Disclaimer: The Sigma rule provided in this article serves as a starting point for enhancing the detection of PowerExchange malware within a network environment. It is important to acknowledge that the threat landscape is dynamic, and the behavior of malware can evolve over time. While the Sigma rule aims to capture specific behaviors associated with PowerExchange, it may not comprehensively address all potential variants, evasion techniques, or novel attack vectors that could emerge.

Implementing the Sigma rule should be considered as a proactive measure to enhance detection capabilities, but it is not a guarantee of complete protection against PowerExchange or any other sophisticated malware. The efficacy of the rule may vary depending on factors such as the network configuration, the specific variant of the malware, and the evolving tactics of threat actors.

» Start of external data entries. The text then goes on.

lemma adjoint_null_dir:
  "adjoint null_dir v = fst v + (\<Sum>i\<in>UNIV. (Nu i / (\<rho> * theta i) * snd v $ i) *\<^sub>R A i)"
proof -
  have "adjoint null_dir = (\<lambda>v. fst v + (\<Sum>i\<in>UNIV. (Nu i / (\<rho> * theta i) * snd v $ i) *\<^sub>R A i))"
    by (rule adjoint_unique)
      (simp add: null_dir_def inner_prod_def inner_vec_def[of "vec_lambda _"] inner_add_right
        inner_sum_right inner_commute[of _ "A _"] algebra_simps)
  then show ?thesis by simp
qed

lemma adjoint_null_dir_gradient:
  "adjoint null_dir ((G, 0) + QM d)
     = G + Bk \<beta> \<rho> c gc H x u *v fst d + (\<Sum>i\<in>UNIV. (\<rho> * Nu i * snd d $ i) *\<^sub>R A i)"
proof -
  have coeff: "W i * zeta i d + Nu i / (\<rho> * theta i) * snd (QM d) $ i = Nu i * zeta i d" for i
  proof -
    have "W i * zeta i d + Nu i / (\<rho> * theta i) * snd (QM d) $ i
        = Nu i * zeta i d * (Nu i + theta i)"
      using theta_pos[of i] \<rho>_pos by (simp add: snd_QM W_eq field_simps)
    then show ?thesis by (simp add: Nu_add_theta)
  qed
  have "adjoint null_dir ((G, 0) + QM d)
      = G + H *v fst d + (\<Sum>i\<in>UNIV. (W i * zeta i d + Nu i / (\<rho> * theta i) * snd (QM d) $ i) *\<^sub>R A i)"
    by (simp add: adjoint_null_dir fst_QM scaleR_add_left sum.distrib algebra_simps)
  also have "\<dots> = G + H *v fst d + (\<Sum>i\<in>UNIV. (Nu i * zeta i d) *\<^sub>R A i)"
    by (simp only: coeff)
  also have "\<dots> = G + Bk \<beta> \<rho> c gc H x u *v fst d + (\<Sum>i\<in>UNIV. (\<rho> * Nu i * snd d $ i) *\<^sub>R A i)"
    by (simp add: Bk_def matrix_vector_mult_add_rdistrib sum_scaleR_matrix_vector outer_mult_vector
        zeta_def algebra_simps scaleR_add_left sum.distrib)
  finally show ?thesis .
qed

definition base_point :: "(real^'n) \<times> (real^'m)" where
  "base_point = (0, \<chi> i. (c i x + Y i) / (\<rho> * theta i))"

lemma feasible_iff: "feasible d \<longleftrightarrow> d = base_point + null_dir (fst d)"
proof -
  have "Nu i * (A i \<bullet> fst d) - \<rho> * theta i * snd d $ i = - (c i x + Y i)
      \<longleftrightarrow> snd d $ i = (c i x + Y i + Nu i * (A i \<bullet> fst d)) / (\<rho> * theta i)" for i
    using theta_pos[of i] \<rho>_pos by (auto simp: eq_divide_eq algebra_simps)
  then show ?thesis
    by (simp add: qp_feasible_def theta_def[symmetric] base_point_def null_dir_def prod_eq_iff
        vec_eq_iff add_divide_distrib)
qed

lemma fst_null_dir [simp]: "fst (null_dir k) = k"
  by (simp add: null_dir_def)

lemma feasible_add_null_dir: "feasible d \<Longrightarrow> feasible (d + null_dir k)"
proof -
  assume "feasible d"
  then have "d + null_dir k = base_point + (null_dir (fst d) + null_dir k)"
    using feasible_iff by (metis add.assoc)
  also have "\<dots> = base_point + null_dir (fst (d + null_dir k))"
    by (simp add: linear_add[OF linear_null_dir])
  finally show ?thesis using feasible_iff by blast
qed

lemma feasible_eq_add_null_dir: "feasible d \<Longrightarrow> feasible d' \<Longrightarrow> d' = d + null_dir (fst d' - fst d)"
proof -
  assume "feasible d" "feasible d'"
  then have "d' - d = null_dir (fst d') - null_dir (fst d)"
    using feasible_iff by (metis add_diff_cancel_left)
  then show ?thesis by (simp add: linear_diff[OF linear_null_dir] algebra_simps)
qed

lemma qobj_eq_quad_obj: "qobj \<beta> \<rho> gf c gc H x u = quad_obj (G, 0) QM"
  by (simp add: fun_eq_iff qobj_def quad_obj_def inner_prod_def)

lemma qp_solution_iff:
  "qp_solution \<beta> \<rho> gf c gc H x u d
     \<longleftrightarrow> feasible d \<and> (\<forall>k. quad_obj (G, 0) QM d \<le> quad_obj (G, 0) QM (d + null_dir k))"
  unfolding qp_solution_def qobj_eq_quad_obj
  by (metis feasible_add_null_dir feasible_eq_add_null_dir)

lemma newton_sys_if_adjoint_gradient_eq_0:
  assumes "feasible d" and "adjoint null_dir ((G, 0) + QM d) = 0"
  shows "newton_sys \<beta> \<rho> gf c gc H x u d"
proof -
  have "Bk \<beta> \<rho> c gc H x u *v fst d + (\<Sum>i\<in>UNIV. (\<rho> * Nu i * snd d $ i) *\<^sub>R A i) = - G"
    using assms(2) by (simp add: adjoint_null_dir_gradient add.assoc add_eq_0_iff)
  moreover have "\<rho> * Nu i * (A i \<bullet> fst d) - \<rho>\<^sup>2 * theta i * snd d $ i = - \<rho> * (c i x + Y i)" for i
  proof -
    have "Nu i * (A i \<bullet> fst d) - \<rho> * theta i * snd d $ i = - (c i x + Y i)"
      using assms(1) by (simp add: qp_feasible_def theta_def)
    then have "\<rho> * (Nu i * (A i \<bullet> fst d) - \<rho> * theta i * snd d $ i) = \<rho> * - (c i x + Y i)"
      by simp
    then show ?thesis by (simp add: algebra_simps power2_eq_square)
  qed
  ultimately show ?thesis by (simp add: newton_sys_def theta_def)
qed

lemma adjoint_gradient_eq_0_if_qp_kkt:
  assumes "qp_kkt \<beta> \<rho> gf c gc H x u d"
  shows "adjoint null_dir ((G, 0) + QM d) = 0"
proof -
  define N where "N i = (Nu i *\<^sub>R A i, (- (\<rho> * theta i)) *\<^sub>R axis i (1::real))" for i
  obtain \<mu> :: "real^'m" where stationary: "(G, 0) + QM d + (\<Sum>i\<in>UNIV. \<mu> $ i *\<^sub>R N i) = 0"
    using assms by (auto simp: qp_kkt_def N_def theta_def)
  have "null_dir k \<bullet> N i = 0" for k i
    using theta_pos[of i] \<rho>_pos by (simp add: null_dir_def N_def inner_axis' inner_commute)
  then have "null_dir k \<bullet> ((G, 0) + QM d) = 0" for k
    using stationary by (simp add: eq_neg_iff_add_eq_0[symmetric] inner_sum_right)
  then show ?thesis by (simp add: adjoint_eq_0_iff[OF linear_null_dir])
qed

lemma null_dir_quadratic_pos:
  assumes "\<forall>dx::real^'n. dx \<noteq> 0 \<longrightarrow> dx \<bullet> (H *v dx) + (\<Sum>i\<in>UNIV. Nu i * (A i \<bullet> dx)\<^sup>2) > 0"
    and "k \<noteq> 0"
  shows "0 < null_dir k \<bullet> QM (null_dir k)"
proof -
  have "Nu i * (A i \<bullet> k)\<^sup>2 \<le> Nu i * (A i \<bullet> k)\<^sup>2 / theta i" for i
    using theta_pos[of i] Nu_pos[of i] Nu_add_theta[of i]
    by (simp add: le_divide_eq mult_left_le)
  then have "(\<Sum>i\<in>UNIV. Nu i * (A i \<bullet> k)\<^sup>2) \<le> (\<Sum>i\<in>UNIV. Nu i * (A i \<bullet> k)\<^sup>2 / theta i)"
    by (rule sum_mono)
  moreover have "0 < k \<bullet> (H *v k) + (\<Sum>i\<in>UNIV. Nu i * (A i \<bullet> k)\<^sup>2)"
    using assms by blast
  ultimately show ?thesis by (simp add: null_dir_quadratic)
qed

lemma newton_sys_if_qp_kkt: "qp_kkt \<beta> \<rho> gf c gc H x u d \<Longrightarrow> newton_sys \<beta> \<rho> gf c gc H x u d"
  using newton_sys_if_adjoint_gradient_eq_0 adjoint_gradient_eq_0_if_qp_kkt qp_kkt_def by blast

Security professionals are encouraged to use the Sigma rule as a foundation and continuously refine it based on real-world observations, threat intelligence, and the specific characteristics of their organization’s environment. Additionally, the rule should be part of a broader defense strategy that includes multiple layers of security controls, threat intelligence, regular updates, and user awareness to effectively mitigate the risks associated with emerging threats.

By leveraging this Sigma rule and continuously adapting it to the evolving threat landscape, organizations can strengthen their detection capabilities, reduce the attack surface, and enhance their overall cybersecurity posture.

Remember that no single rule can provide absolute security, and a multi-faceted approach remains essential to addressing the ever-changing challenges presented by advanced threats like PowerExchange malware.